OJ may be guilty … of adding ingredients without disclosure

In re: Simply Orange Orange Juice Marketing & Sales
Practices Litig., MDL No. 2361, 2017 WL 3142095 (W.D. Mo. Jul. 24, 2017)
Plaintiffs alleged that Coca-Cola sold Simply Orange, Minute
Maid Pure Squeezed, and Minute Maid Pure Premium without disclosing its use of
added flavors in these products, as required by federal labeling regulations,
leading consumers in seven states to pay a price premium. Coca-Cola argued that
it didn’t add flavoring in need of disclosure, because the “add-backs” it uses
are 100% made-from-the-orange products.  Also, Simply Orange and Minute Maid Pure
Squeezed don’t consistently use add-backs year round, meaning that there was no
injury/standing. Further, Coca-Cola maintained that only 1 in 25 consumers care
about the add backs, according to its survey expert, and therefore plaintiffs couldn’t
demonstrate reliance on a class-wide basis.  The court partially certified the proposed
class.
The first hint of what will happen comes from the court’s
characterization of Coca-Cola’s standing argument: “that its own inconsistent
and un-labelled use of add-backs means that certain consumers purchased orange
juice not containing add-backs, and those consumers were not injured.”  First, every container of Minute Maid Premium
had add-backs, and thus those consumers had standing.  Second, the existing discovery suggested that
approximately 70 percent of the time, purchasers of Simply Orange and MMPS
would be receiving drinks that included add-back; for certain years, nearly
every container sold included add-back. The plaintiffs alleged that they were regular
purchasers of juice throughout the year, and thus “undoubtedly purchased juice
containing add-backs.”  That was enough
to show standing, as required by Spokeo
v. Robins
, for the named plaintiffs who represented the class.

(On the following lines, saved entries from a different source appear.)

(* For every point set $X$ that is a permutation, $\mathrm{cGB}(X)\le \mathrm{WB}(X)+\mathrm{WB}'(X)$.
   Context: $X$ is a set of $n$ points that is a permutation, with $x$-coordinates $\{1,\dots,n\}$ and $y$-coordinates $\{1,\dots,n\}$; $B$ is a bounding box of $X$. Let $\mathcal L^V$ ($\mathcal L^H$) be the vertical (horizontal) lines with half-integral coordinate between $1/2$ and $n-1/2$. $\mathrm{WB}(X)$: for an ordering $\sigma$ of $\mathcal L^V$, process lines in order starting from $\{B\}$; each line $L$ splits the current vertical strip $S$ containing it and is charged the number of pairs of points of $X\cap S$ consecutive in increasing $y$-order that lie on opposite sides of $L$; $\mathrm{WB}_\sigma(X)$ is the total charge and $\mathrm{WB}(X)=\max_\sigma\mathrm{WB}_\sigma(X)$. $\mathrm{WB}'(X)$ is defined symmetrically with horizontal lines: for orderings of $\mathcal L^H$, each line splits the current horizontal strip containing it and is charged the number of pairs of points of the strip consecutive in increasing $x$-order lying on opposite sides; maximize over orderings (equivalently, $\mathrm{WB}'(X)=\mathrm{WB}$ of $X$ rotated by $90^\circ$). $\mathrm{cGB}(X)$: for an ordering $\sigma$ of $\mathcal L^V\cup\mathcal L^H$, start with $\mathcal P=\{B\}$ and process lines in order; when $L$ is processed every rectangle $P\in\mathcal P$ intersecting $L$ is replaced by the two rectangles into which $L$ splits it, costing the number of pairs of points of $X\cap P$ consecutive in increasing $y$-order (if $L$ vertical) or in increasing $x$-order (if $L$ horizontal) lying on opposite sides of $L$. $\mathrm{cGB}_\sigma(X)$ is the total cost and $\mathrm{cGB}(X)=\max_\sigma\mathrm{cGB}_\sigma(X)$. *)

theory Defs
  imports Main
begin

definition is_perm_set :: "nat \<Rightarrow> (nat \<times> nat) set \<Rightarrow> bool" where
  "is_perm_set n X \<longleftrightarrow> card X = n \<and> fst ` X = {1..n} \<and> snd ` X = {1..n}"

text \<open>Lines: VL k is the vertical line x = k - 1/2, HL k the horizontal line y = k - 1/2.\<close>
datatype line = VL nat | HL nat

definition linesV :: "nat \<Rightarrow> line set" where
  "linesV n = VL ` {1..n}"

definition linesH :: "nat \<Rightarrow> line set" where
  "linesH n = HL ` {1..n}"

fun same_side :: "line \<Rightarrow> nat \<times> nat \<Rightarrow> nat \<times> nat \<Rightarrow> bool" where
  "same_side (VL k) p q = (fst p < k \<longleftrightarrow> fst q < k)"
| "same_side (HL k) p q = (snd p < k \<longleftrightarrow> snd q < k)"

text \<open>Point contents of the (nonempty) rectangles of the partition induced by the
  already processed lines D.\<close>
definition cells :: "(nat \<times> nat) set \<Rightarrow> line set \<Rightarrow> (nat \<times> nat) set set" where
  "cells X D = (\<lambda>p. {q \<in> X. \<forall>l \<in> D. same_side l p q}) ` X"

fun sep :: "(nat \<times> nat) set \<Rightarrow> line \<Rightarrow> nat" where
  "sep P (VL k) = card {(p, q). p \<in> P \<and> q \<in> P \<and> snd p < snd q \<and>
        \<not> (\<exists>r \<in> P. snd p < snd r \<and> snd r < snd q) \<and> \<not> same_side (VL k) p q}"
| "sep P (HL k) = card {(p, q). p \<in> P \<and> q \<in> P \<and> fst p < fst q \<and>
        \<not> (\<exists>r \<in> P. fst p < fst r \<and> fst r < fst q) \<and> \<not> same_side (HL k) p q}"

text \<open>Cost of processing line L when lines D were processed before: every rectangle
  is split (rectangles not meeting L have all points on one side and cost 0).\<close>
definition step_cost :: "(nat \<times> nat) set \<Rightarrow> line set \<Rightarrow> line \<Rightarrow> nat" where
  "step_cost X D L = (\<Sum>P \<in> cells X D. sep P L)"

definition order_cost :: "(nat \<times> nat) set \<Rightarrow> line list \<Rightarrow> nat" where
  "order_cost X \<sigma> = (\<Sum>i < length \<sigma>. step_cost X (set (take i \<sigma>)) (\<sigma> ! i))"

definition max_cost :: "(nat \<times> nat) set \<Rightarrow> line set \<Rightarrow> nat" where
  "max_cost X Ls = Max {order_cost X \<sigma> | \<sigma>. distinct \<sigma> \<and> set \<sigma> = Ls}"

text \<open>With only vertical (resp. horizontal) lines, the cells are exactly the strips.\<close>
definition WB :: "nat \<Rightarrow> (nat \<times> nat) set \<Rightarrow> nat" where
  "WB n X = max_cost X (linesV n)"

definition WB' :: "nat \<Rightarrow> (nat \<times> nat) set \<Rightarrow> nat" where
  "WB' n X = max_cost X (linesH n)"

definition cGB :: "nat \<Rightarrow> (nat \<times> nat) set \<Rightarrow> nat" where
  "cGB n X = max_cost X (linesV n \<union> linesH n)"

end

theory Submission
  imports Defs
begin

text \<open>Take an optimal order \<sigma> for cGB and split it into its vertical and its horizontal
  subsequence. A vertical line costs the consecutive (in y-order) pairs it separates inside
  the current cells; the horizontal lines processed earlier only refine the vertical strips,
  and a pair that is y-consecutive inside a refined cell is still y-consecutive inside its
  strip, because a point whose y-coordinate lies between theirs cannot be cut off from
  them by a horizontal line. So every vertical line costs at most what it costs in the
  vertical subsequence alone, which is an admissible order for WB; symmetrically for the
  horizontal lines and WB'.\<close>

fun vertical :: "line \<Rightarrow> bool" where
  "vertical (VL _) = True"
| "vertical (HL _) = False"

fun sweep_coord :: "line \<Rightarrow> nat \<times> nat \<Rightarrow> nat" where
  "sweep_coord (VL _) = snd"
| "sweep_coord (HL _) = fst"

definition split_pairs :: "(nat \<times> nat) set \<Rightarrow> line \<Rightarrow> ((nat \<times> nat) \<times> (nat \<times> nat)) set" where
  "split_pairs P L = {(p, q). p \<in> P \<and> q \<in> P \<and> sweep_coord L p < sweep_coord L q \<and>
     \<not> (\<exists>r \<in> P. sweep_coord L p < sweep_coord L r \<and> sweep_coord L r < sweep_coord L q) \<and>
     \<not> same_side L p q}"

definition cell_of :: "(nat \<times> nat) set \<Rightarrow> line set \<Rightarrow> nat \<times> nat \<Rightarrow> (nat \<times> nat) set" where
  "cell_of X D p = {q \<in> X. \<forall>l \<in> D. same_side l p q}"

lemma sep_eq_card_split_pairs: "sep P L = card (split_pairs P L)"
  by (cases L) (simp_all add: split_pairs_def)

lemma cells_eq_image_cell_of: "cells X D = cell_of X D ` X"
  by (simp add: cells_def cell_of_def)

lemma same_side_refl: "same_side l p p"
  by (cases l) auto

lemma same_side_trans: "same_side l a b \<Longrightarrow> same_side l a c = same_side l b c"
  by (cases l) auto

lemma same_side_between:
  assumes "vertical l \<noteq> vertical L"
    and "sweep_coord L p < sweep_coord L r" "sweep_coord L r < sweep_coord L q"
    and "same_side l p q"
  shows "same_side l p r"
  using assms by (cases l; cases L) auto

lemma cell_of_eq: "p \<in> cell_of X D a \<Longrightarrow> cell_of X D p = cell_of X D a"
  unfolding cell_of_def using same_side_trans by blast

lemma split_pairs_subset: "split_pairs P L \<subseteq> P \<times> P"
  by (auto simp: split_pairs_def)

lemma step_cost_eq_card_Union:
  assumes "finite X"
  shows "step_cost X D L = card (\<Union>P \<in> cells X D. split_pairs P L)"
proof -
  have "finite (cells X D)"
    using assms by (simp add: cells_eq_image_cell_of)
  moreover have "finite (split_pairs P L)" if "P \<in> cells X D" for P
  proof -
    have "P \<subseteq> X" using that by (auto simp: cells_eq_image_cell_of cell_of_def)
    then show ?thesis
      using split_pairs_subset[of P L] assms by (meson finite_SigmaI finite_subset)
  qed
  moreover have "split_pairs P L \<inter> split_pairs P' L = {}"
    if "P \<in> cells X D" "P' \<in> cells X D" "P \<noteq> P'" for P P'
  proof (rule ccontr)
    assume "split_pairs P L \<inter> split_pairs P' L \<noteq> {}"
    then obtain p q where "(p, q) \<in> split_pairs P L" "(p, q) \<in> split_pairs P' L" by auto
    then have "p \<in> P" "p \<in> P'" by (auto simp: split_pairs_def)
    then show False using that cell_of_eq unfolding cells_eq_image_cell_of by (metis imageE)
  qed
  ultimately show ?thesis
    unfolding step_cost_def sep_eq_card_split_pairs by (simp add: card_UN_disjoint)
qed

lemma split_pairs_coarser_cell:
  assumes "D' \<subseteq> D" and crossing: "\<forall>l \<in> D - D'. vertical l \<noteq> vertical L"
    and pq: "(p, q) \<in> split_pairs (cell_of X D a) L"
  shows "(p, q) \<in> split_pairs (cell_of X D' p) L"
proof -
  let ?k = "sweep_coord L"
  have p: "p \<in> X" "\<forall>l \<in> D. same_side l a p"
    and q: "q \<in> X" "\<forall>l \<in> D. same_side l a q"
    and pq_order: "?k p < ?k q" "\<not> same_side L p q"
    and nothing_between: "\<not> (\<exists>r \<in> cell_of X D a. ?k p < ?k r \<and> ?k r < ?k q)"
    using pq by (auto simp: split_pairs_def cell_of_def)
  have same_cell: "\<forall>l \<in> D. same_side l p q"
    using p q same_side_trans by blast
  have "r \<in> cell_of X D a" if r: "r \<in> cell_of X D' p" "?k p < ?k r" "?k r < ?k q" for r
    unfolding cell_of_def
  proof (intro CollectI conjI ballI)
    show "r \<in> X" using r by (simp add: cell_of_def)
  next
    fix l assume "l \<in> D"
    then have "same_side l p r"
      using r crossing same_cell same_side_between[of l L p r q]
      by (cases "l \<in> D'") (auto simp: cell_of_def)
    then show "same_side l a r" using p \<open>l \<in> D\<close> same_side_trans by blast
  qed
  then have "\<not> (\<exists>r \<in> cell_of X D' p. ?k p < ?k r \<and> ?k r < ?k q)"
    using nothing_between by blast
  then show ?thesis
    using p q same_cell pq_order \<open>D' \<subseteq> D\<close>
    by (auto simp: split_pairs_def cell_of_def same_side_refl)
qed

lemma step_cost_antimono:
  assumes "finite X" and "D' \<subseteq> D" and "\<forall>l \<in> D - D'. vertical l \<noteq> vertical L"
  shows "step_cost X D L \<le> step_cost X D' L"
proof -
  have "(\<Union>P \<in> cells X D. split_pairs P L) \<subseteq> (\<Union>P \<in> cells X D'. split_pairs P L)"
  proof
    fix x assume "x \<in> (\<Union>P \<in> cells X D. split_pairs P L)"
    then obtain a where "x \<in> split_pairs (cell_of X D a) L"
      by (auto simp: cells_eq_image_cell_of)
    moreover obtain p q where x: "x = (p, q)" by (cases x)
    ultimately have "(p, q) \<in> split_pairs (cell_of X D a) L" "p \<in> X"
      by (auto simp: split_pairs_def cell_of_def)
    then show "x \<in> (\<Union>P \<in> cells X D'. split_pairs P L)"
      using x split_pairs_coarser_cell[OF assms(2,3), of p q X a]
      by (auto simp: cells_eq_image_cell_of)
  qed
  moreover have "(\<Union>P \<in> cells X D'. split_pairs P L) \<subseteq> X \<times> X"
    using split_pairs_subset by (fastforce simp: cells_eq_image_cell_of cell_of_def)
  ultimately show ?thesis
    using assms(1) by (simp add: step_cost_eq_card_Union card_mono finite_subset)
qed

fun cost_after :: "(nat \<times> nat) set \<Rightarrow> line set \<Rightarrow> line list \<Rightarrow> nat" where
  "cost_after X D [] = 0"
| "cost_after X D (L # \<sigma>) = step_cost X D L + cost_after X (insert L D) \<sigma>"

lemma cost_after_eq_sum:
  "cost_after X D \<sigma> = (\<Sum>i < length \<sigma>. step_cost X (D \<union> set (take i \<sigma>)) (\<sigma> ! i))"
proof (induction \<sigma> arbitrary: D)
  case Nil
  then show ?case by simp
next
  case (Cons L \<sigma>)
  show ?case
    unfolding cost_after.simps Cons.IH length_Cons sum.lessThan_Suc_shift by simp
qed

lemma order_cost_eq_cost_after: "order_cost X \<sigma> = cost_after X {} \<sigma>"
  by (simp add: order_cost_def cost_after_eq_sum)

lemma cost_after_le_split:
  assumes "finite X"
  shows "cost_after X D \<sigma> \<le> cost_after X {l \<in> D. vertical l} (filter vertical \<sigma>)
           + cost_after X {l \<in> D. \<not> vertical l} (filter (\<lambda>l. \<not> vertical l) \<sigma>)"
proof (induction \<sigma> arbitrary: D)
  case Nil
  then show ?case by simp
next
  case (Cons L \<sigma>)
  let ?D = "{l \<in> D. vertical l = vertical L}"
  have "step_cost X D L \<le> step_cost X ?D L"
    by (rule step_cost_antimono[OF assms]) auto
  moreover have "{l \<in> insert L D. vertical l = vertical L} = insert L ?D"
    and "{l \<in> insert L D. vertical l \<noteq> vertical L} = {l \<in> D. vertical l \<noteq> vertical L}"
    by auto
  ultimately show ?case
    using Cons.IH[of "insert L D"] by (cases "vertical L") simp_all
qed

lemma finite_order_costs:
  assumes "finite Ls"
  shows "finite {order_cost X \<sigma> | \<sigma>. distinct \<sigma> \<and> set \<sigma> = Ls}"
proof -
  have "{\<sigma>. distinct \<sigma> \<and> set \<sigma> = Ls} \<subseteq> {\<sigma>. set \<sigma> \<subseteq> Ls \<and> length \<sigma> \<le> card Ls}"
    using distinct_card by fastforce
  then have "finite {\<sigma>. distinct \<sigma> \<and> set \<sigma> = Ls}"
    using finite_lists_length_le[OF assms] by (rule finite_subset)
  then have "finite (order_cost X ` {\<sigma>. distinct \<sigma> \<and> set \<sigma> = Ls})" by simp
  then show ?thesis by (simp add: setcompr_eq_image)
qed

lemma order_cost_le_max_cost:
  "finite Ls \<Longrightarrow> distinct \<sigma> \<Longrightarrow> set \<sigma> = Ls \<Longrightarrow> order_cost X \<sigma> \<le> max_cost X Ls"
  unfolding max_cost_def by (rule Max_ge[OF finite_order_costs]) auto

lemma max_cost_attained:
  assumes "finite Ls"
  obtains \<sigma> where "distinct \<sigma>" "set \<sigma> = Ls" "max_cost X Ls = order_cost X \<sigma>"
proof -
  obtain \<sigma> where "distinct \<sigma>" "set \<sigma> = Ls" using finite_distinct_list[OF assms] by blast
  then have "{order_cost X \<sigma> | \<sigma>. distinct \<sigma> \<and> set \<sigma> = Ls} \<noteq> {}" by blast
  then show ?thesis
    using Max_in[OF finite_order_costs[OF assms]] that unfolding max_cost_def by blast
qed

lemma max_cost_union_le:
  assumes "finite X" "finite A" "finite B"
    and "\<forall>l \<in> A. vertical l" "\<forall>l \<in> B. \<not> vertical l"
  shows "max_cost X (A \<union> B) \<le> max_cost X A + max_cost X B"
proof -
  obtain \<sigma> where \<sigma>: "distinct \<sigma>" "set \<sigma> = A \<union> B" and opt: "max_cost X (A \<union> B) = order_cost X \<sigma>"
    using max_cost_attained assms(2,3) by (metis finite_UnI)
  have A: "set (filter vertical \<sigma>) = A" and B: "set (filter (\<lambda>l. \<not> vertical l) \<sigma>) = B"
    using \<sigma>(2) assms(4,5) by auto
  have "max_cost X (A \<union> B) \<le> order_cost X (filter vertical \<sigma>)
                                + order_cost X (filter (\<lambda>l. \<not> vertical l) \<sigma>)"
    using opt cost_after_le_split[OF assms(1), of "{}" \<sigma>] by (simp add: order_cost_eq_cost_after)
  also have "\<dots> \<le> max_cost X A + max_cost X B"
    using order_cost_le_max_cost[OF assms(2) _ A] order_cost_le_max_cost[OF assms(3) _ B] \<sigma>(1)
    by (simp add: add_mono)
  finally show ?thesis .
qed

lemma finite_if_is_perm_set: "is_perm_set n X \<Longrightarrow> finite X"
  unfolding is_perm_set_def by (metis finite_SigmaI finite_atLeastAtMost finite_subset subset_fst_snd)

theorem lemma5p2:
  fixes n :: nat and X :: "(nat \<times> nat) set"
  assumes "is_perm_set n X"
  shows "cGB n X \<le> WB n X + WB' n X"
  unfolding cGB_def WB_def WB'_def
  using max_cost_union_le finite_if_is_perm_set[OF assms]
  by (simp add: linesV_def linesH_def)

end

Ascertainability: the court was concerned about the privacy
implications of getting purchaser information from merchants/customer loyalty
cards, but the proposed class included all purchasers of the specified products
under each state’s laws. 
Self-identification would work, given that the odds were that most class
members had purchased an orange juice product containing add-back. “[I]n
low-value consumer goods cases, there may be no better means of identifying
members of a class in circumstances such as these.” If unrebutted consumer
testimony “would be sufficient to establish injury in an individual suit, it
follows that similar testimony in the form of an affidavit or declaration would
be sufficient in a class action.” In re Nexium Antitrust Litig., 777 F.3d 9, 20
(1st Cir. 2015).
  
Commonality: the court was concerned about whether
plaintiffs will be able to provide common proof as to reliance, materiality,
and/or causation, but several of plaintiffs’ issues were susceptible to common
proof: whether the orange juice products contain added flavors not permitted by
federal law; whether the orange juice products omit disclosure of added flavors
as required by federal labeling laws; whether the orange juice products
conformed to the representations on the labels of the products; whether the
orange juice products omitted material information from the products’ labels;
whether defendant warranted that the orange juice products would conform to the
label representations; and whether defendant breached these warranties.  The predominance requirement was likewise
satisfied with respect to some elements of the state law claims, but not
others, particularly requirements to prove reliance, materiality, and/or
causation, as well as damages. 
(Plaintiffs’ proposed damages model was based on a flawed survey that
measured consumers preference for juice with “added flavoring,” vs. no “added
flavoring,” with wording that suggested inferiority, even though current FDA
regulations allow some amount of added flavoring.)  An issues class was therefore appropriate.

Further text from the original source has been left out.